*Data extracts*:
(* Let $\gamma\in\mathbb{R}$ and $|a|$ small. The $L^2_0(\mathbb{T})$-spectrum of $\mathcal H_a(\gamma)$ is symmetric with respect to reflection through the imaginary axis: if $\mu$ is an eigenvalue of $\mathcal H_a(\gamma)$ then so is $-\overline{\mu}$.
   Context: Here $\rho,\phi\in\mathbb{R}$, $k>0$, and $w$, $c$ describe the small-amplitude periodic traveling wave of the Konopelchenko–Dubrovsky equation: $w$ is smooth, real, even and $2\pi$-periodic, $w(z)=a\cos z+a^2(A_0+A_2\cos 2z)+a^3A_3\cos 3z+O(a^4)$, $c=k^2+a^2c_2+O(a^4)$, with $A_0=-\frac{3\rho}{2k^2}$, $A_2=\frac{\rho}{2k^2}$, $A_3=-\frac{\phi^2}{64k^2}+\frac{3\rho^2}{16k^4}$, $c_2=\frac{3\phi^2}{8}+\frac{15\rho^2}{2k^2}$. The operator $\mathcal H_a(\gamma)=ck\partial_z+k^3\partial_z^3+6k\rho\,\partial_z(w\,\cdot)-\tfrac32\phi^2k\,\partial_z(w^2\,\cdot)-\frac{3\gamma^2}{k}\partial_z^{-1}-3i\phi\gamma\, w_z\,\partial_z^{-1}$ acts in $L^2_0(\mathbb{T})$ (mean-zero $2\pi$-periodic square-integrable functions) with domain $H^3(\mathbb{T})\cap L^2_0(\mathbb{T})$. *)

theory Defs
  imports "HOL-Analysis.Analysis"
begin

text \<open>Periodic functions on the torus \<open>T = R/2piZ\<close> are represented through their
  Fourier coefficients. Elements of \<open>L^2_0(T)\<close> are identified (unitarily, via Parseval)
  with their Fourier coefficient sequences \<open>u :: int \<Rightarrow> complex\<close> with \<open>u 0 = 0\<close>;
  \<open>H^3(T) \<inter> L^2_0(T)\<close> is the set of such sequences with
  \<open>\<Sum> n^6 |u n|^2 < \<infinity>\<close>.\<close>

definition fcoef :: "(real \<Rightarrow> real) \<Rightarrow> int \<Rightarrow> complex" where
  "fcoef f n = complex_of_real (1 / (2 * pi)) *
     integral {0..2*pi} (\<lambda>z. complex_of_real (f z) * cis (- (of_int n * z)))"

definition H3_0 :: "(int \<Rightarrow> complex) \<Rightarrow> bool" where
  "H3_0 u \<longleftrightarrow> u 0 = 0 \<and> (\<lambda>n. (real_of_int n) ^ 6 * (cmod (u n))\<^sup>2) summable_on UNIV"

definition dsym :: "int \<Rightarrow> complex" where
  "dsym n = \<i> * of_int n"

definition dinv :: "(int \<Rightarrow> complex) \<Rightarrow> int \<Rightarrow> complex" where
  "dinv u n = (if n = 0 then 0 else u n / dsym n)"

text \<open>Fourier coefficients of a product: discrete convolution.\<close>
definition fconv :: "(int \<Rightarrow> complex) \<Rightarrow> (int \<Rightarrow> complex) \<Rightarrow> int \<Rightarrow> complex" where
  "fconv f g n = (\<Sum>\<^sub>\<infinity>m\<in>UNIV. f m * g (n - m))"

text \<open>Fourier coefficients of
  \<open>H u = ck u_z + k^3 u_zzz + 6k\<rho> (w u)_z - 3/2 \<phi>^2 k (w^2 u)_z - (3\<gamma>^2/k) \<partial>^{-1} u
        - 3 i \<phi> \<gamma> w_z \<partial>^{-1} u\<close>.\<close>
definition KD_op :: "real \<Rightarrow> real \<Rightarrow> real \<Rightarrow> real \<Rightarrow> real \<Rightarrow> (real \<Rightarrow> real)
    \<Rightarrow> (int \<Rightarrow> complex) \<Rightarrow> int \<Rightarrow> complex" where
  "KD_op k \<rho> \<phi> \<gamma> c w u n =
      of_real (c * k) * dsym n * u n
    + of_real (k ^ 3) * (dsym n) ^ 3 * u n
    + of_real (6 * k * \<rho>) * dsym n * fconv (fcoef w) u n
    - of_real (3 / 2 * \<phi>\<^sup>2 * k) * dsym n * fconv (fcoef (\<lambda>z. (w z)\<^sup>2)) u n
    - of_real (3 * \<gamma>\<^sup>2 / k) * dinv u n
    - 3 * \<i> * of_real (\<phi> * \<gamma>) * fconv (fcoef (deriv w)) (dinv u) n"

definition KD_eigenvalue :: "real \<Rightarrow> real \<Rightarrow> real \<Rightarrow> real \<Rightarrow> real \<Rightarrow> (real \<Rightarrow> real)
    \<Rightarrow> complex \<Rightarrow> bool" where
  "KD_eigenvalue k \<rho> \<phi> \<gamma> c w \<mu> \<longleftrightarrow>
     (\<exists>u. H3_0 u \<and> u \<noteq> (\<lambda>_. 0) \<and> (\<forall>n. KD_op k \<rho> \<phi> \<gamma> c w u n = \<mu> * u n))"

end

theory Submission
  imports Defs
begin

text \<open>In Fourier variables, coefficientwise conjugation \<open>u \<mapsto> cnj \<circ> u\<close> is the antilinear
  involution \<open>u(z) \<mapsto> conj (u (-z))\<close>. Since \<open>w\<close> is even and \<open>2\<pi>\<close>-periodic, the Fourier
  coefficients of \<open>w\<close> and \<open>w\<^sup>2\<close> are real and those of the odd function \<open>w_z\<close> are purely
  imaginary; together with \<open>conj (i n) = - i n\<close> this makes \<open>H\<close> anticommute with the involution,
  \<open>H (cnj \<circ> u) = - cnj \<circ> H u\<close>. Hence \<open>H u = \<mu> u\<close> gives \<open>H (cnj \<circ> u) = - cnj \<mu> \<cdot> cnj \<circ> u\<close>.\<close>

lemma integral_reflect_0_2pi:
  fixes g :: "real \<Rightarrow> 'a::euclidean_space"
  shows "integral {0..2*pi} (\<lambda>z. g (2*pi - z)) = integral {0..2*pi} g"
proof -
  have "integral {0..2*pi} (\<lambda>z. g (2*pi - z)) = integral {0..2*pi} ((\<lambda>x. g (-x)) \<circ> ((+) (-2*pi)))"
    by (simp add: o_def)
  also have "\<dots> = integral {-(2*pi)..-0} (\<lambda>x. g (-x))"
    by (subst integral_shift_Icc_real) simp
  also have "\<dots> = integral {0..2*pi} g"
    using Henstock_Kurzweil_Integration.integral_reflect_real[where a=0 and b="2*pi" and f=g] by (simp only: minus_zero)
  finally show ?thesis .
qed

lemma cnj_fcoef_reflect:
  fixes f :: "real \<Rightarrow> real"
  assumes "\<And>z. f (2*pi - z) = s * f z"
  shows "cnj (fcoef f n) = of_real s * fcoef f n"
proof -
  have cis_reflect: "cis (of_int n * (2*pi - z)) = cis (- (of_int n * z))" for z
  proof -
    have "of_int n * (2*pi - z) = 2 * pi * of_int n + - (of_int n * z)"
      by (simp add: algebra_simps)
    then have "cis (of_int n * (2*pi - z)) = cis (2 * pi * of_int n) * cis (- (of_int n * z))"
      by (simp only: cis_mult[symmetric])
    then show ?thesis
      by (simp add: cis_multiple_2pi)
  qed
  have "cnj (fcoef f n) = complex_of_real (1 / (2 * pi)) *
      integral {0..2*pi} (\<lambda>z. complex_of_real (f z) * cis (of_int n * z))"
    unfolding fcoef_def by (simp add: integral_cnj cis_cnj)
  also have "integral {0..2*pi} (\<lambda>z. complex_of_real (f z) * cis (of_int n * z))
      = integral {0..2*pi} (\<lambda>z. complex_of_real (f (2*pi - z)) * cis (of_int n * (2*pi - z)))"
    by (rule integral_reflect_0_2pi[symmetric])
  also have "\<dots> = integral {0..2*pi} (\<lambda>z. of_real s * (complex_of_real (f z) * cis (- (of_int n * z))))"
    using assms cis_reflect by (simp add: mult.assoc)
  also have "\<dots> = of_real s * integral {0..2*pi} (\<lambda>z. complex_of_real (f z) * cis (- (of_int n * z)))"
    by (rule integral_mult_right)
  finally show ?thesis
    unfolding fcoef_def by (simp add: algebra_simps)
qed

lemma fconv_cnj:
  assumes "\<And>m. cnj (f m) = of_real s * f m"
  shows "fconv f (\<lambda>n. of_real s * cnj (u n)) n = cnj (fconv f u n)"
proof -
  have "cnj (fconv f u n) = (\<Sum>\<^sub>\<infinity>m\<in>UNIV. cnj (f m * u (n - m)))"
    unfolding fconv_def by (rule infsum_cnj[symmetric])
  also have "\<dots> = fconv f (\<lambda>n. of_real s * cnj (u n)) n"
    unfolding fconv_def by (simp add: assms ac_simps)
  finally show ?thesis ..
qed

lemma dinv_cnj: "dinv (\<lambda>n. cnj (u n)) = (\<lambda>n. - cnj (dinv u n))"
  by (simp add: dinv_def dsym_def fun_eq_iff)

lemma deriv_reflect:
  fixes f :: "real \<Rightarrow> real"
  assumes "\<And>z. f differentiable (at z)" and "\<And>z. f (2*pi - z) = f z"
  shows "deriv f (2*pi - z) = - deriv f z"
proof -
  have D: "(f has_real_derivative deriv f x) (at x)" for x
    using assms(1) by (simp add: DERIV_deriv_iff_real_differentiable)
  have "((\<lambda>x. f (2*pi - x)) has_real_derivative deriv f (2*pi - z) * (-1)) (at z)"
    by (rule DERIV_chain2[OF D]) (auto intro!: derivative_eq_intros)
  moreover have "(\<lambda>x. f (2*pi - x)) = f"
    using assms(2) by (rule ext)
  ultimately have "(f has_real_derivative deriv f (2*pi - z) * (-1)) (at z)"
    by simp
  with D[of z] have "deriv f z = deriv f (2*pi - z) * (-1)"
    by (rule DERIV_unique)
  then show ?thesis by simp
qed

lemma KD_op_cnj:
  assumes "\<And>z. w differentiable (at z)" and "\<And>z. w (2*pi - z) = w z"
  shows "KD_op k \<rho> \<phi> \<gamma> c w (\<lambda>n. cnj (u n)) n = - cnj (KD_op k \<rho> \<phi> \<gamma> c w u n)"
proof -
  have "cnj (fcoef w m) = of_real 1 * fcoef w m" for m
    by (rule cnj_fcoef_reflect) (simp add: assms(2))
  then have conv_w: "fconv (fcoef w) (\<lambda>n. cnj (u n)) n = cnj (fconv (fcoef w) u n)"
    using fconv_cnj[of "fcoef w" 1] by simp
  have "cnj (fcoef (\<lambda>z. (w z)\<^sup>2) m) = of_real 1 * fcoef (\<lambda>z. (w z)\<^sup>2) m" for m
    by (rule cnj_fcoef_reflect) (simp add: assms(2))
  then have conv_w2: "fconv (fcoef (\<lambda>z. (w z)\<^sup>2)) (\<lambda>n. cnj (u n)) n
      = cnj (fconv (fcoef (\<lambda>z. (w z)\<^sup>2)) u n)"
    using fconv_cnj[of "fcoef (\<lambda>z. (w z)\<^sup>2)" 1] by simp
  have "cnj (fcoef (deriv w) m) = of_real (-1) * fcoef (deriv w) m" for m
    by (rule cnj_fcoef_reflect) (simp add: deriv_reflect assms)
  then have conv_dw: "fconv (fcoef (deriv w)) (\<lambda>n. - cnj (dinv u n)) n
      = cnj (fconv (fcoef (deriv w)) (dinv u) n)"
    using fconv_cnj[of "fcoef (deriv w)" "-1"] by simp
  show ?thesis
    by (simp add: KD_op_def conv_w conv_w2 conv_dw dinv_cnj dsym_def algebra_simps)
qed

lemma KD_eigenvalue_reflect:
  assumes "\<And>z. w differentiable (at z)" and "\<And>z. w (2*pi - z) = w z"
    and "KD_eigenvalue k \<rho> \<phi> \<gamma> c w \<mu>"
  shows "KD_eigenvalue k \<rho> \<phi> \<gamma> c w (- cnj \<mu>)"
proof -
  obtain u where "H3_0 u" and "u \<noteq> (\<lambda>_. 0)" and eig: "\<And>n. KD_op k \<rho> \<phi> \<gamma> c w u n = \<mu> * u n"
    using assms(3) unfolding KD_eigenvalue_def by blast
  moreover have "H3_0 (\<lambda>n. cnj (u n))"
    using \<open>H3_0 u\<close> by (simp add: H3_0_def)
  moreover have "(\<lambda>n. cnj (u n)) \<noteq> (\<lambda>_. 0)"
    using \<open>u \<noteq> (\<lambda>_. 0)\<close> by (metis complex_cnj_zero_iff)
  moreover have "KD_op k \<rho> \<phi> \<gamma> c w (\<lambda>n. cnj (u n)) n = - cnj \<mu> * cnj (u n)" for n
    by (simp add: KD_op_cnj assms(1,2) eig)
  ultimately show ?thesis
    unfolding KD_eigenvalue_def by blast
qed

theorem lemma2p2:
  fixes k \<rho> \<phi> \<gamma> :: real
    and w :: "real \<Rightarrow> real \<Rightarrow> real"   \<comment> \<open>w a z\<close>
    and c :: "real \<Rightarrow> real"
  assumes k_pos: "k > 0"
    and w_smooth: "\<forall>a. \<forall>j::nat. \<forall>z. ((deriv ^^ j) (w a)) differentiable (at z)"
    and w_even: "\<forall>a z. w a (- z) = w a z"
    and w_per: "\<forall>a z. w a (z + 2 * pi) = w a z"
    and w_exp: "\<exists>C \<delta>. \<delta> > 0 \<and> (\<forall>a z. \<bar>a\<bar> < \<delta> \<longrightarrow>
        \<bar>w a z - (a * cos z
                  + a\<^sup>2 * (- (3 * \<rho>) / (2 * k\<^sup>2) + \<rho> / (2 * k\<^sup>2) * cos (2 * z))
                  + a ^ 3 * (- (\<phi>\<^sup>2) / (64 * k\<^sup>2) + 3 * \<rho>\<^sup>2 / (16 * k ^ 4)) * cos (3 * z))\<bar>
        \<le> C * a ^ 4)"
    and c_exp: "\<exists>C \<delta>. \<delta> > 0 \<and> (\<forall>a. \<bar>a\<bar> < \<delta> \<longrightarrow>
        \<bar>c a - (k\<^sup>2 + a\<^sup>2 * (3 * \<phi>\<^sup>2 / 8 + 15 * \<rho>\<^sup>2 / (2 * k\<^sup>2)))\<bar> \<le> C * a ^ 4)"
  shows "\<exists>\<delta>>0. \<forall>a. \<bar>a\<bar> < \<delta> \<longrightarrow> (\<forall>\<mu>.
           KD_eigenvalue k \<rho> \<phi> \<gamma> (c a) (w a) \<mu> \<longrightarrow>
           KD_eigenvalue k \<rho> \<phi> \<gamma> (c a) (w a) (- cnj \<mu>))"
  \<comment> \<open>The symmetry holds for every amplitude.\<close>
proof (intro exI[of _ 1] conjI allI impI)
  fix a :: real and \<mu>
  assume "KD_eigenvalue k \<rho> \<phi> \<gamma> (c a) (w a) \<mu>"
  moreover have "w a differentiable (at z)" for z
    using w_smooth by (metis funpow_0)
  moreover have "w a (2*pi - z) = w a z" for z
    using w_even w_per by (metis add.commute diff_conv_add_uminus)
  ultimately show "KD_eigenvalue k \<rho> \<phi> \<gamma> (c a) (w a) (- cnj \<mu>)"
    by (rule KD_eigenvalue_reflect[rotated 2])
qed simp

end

*Brief*: Each line in the entries above, starting at the line with "n = (\<Sum>\<^sub>\<infinity>m\<in>UNIV." and ending at the line with "- 3 * \<i> * of_real", is to be printed exactly, and only those lines.

*Response to the exercise*:
  "fconv f g n = (\<Sum>\<^sub>\<infinity>m\<in>UNIV. f m * g (n - m))"

text \<open>Fourier coefficients of
  \<open>H u = ck u_z + k^3 u_zzz + 6k\<rho> (w u)_z - 3/2 \<phi>^2 k (w^2 u)_z - (3\<gamma>^2/k) \<partial>^{-1} u
        - 3 i \<phi> \<gamma> w_z \<partial>^{-1} u\<close>.\<close>
definition KD_op :: "real \<Rightarrow> real \<Rightarrow> real \<Rightarrow> real \<Rightarrow> real \<Rightarrow> (real \<Rightarrow> real)
    \<Rightarrow> (int \<Rightarrow> complex) \<Rightarrow> int \<Rightarrow> complex" where
  "KD_op k \<rho> \<phi> \<gamma> c w u n =
      of_real (c * k) * dsym n * u n
    + of_real (k ^ 3) * (dsym n) ^ 3 * u n
    + of_real (6 * k * \<rho>) * dsym n * fconv (fcoef w) u n
    - of_real (3 / 2 * \<phi>\<^sup>2 * k) * dsym n * fconv (fcoef (\<lambda>z. (w z)\<^sup>2)) u n
    - of_real (3 * \<gamma>\<^sup>2 / k) * dinv u n
    - 3 * \<i> * of_real (\<phi> * \<gamma>) * fconv (fcoef (deriv w)) (dinv u) n"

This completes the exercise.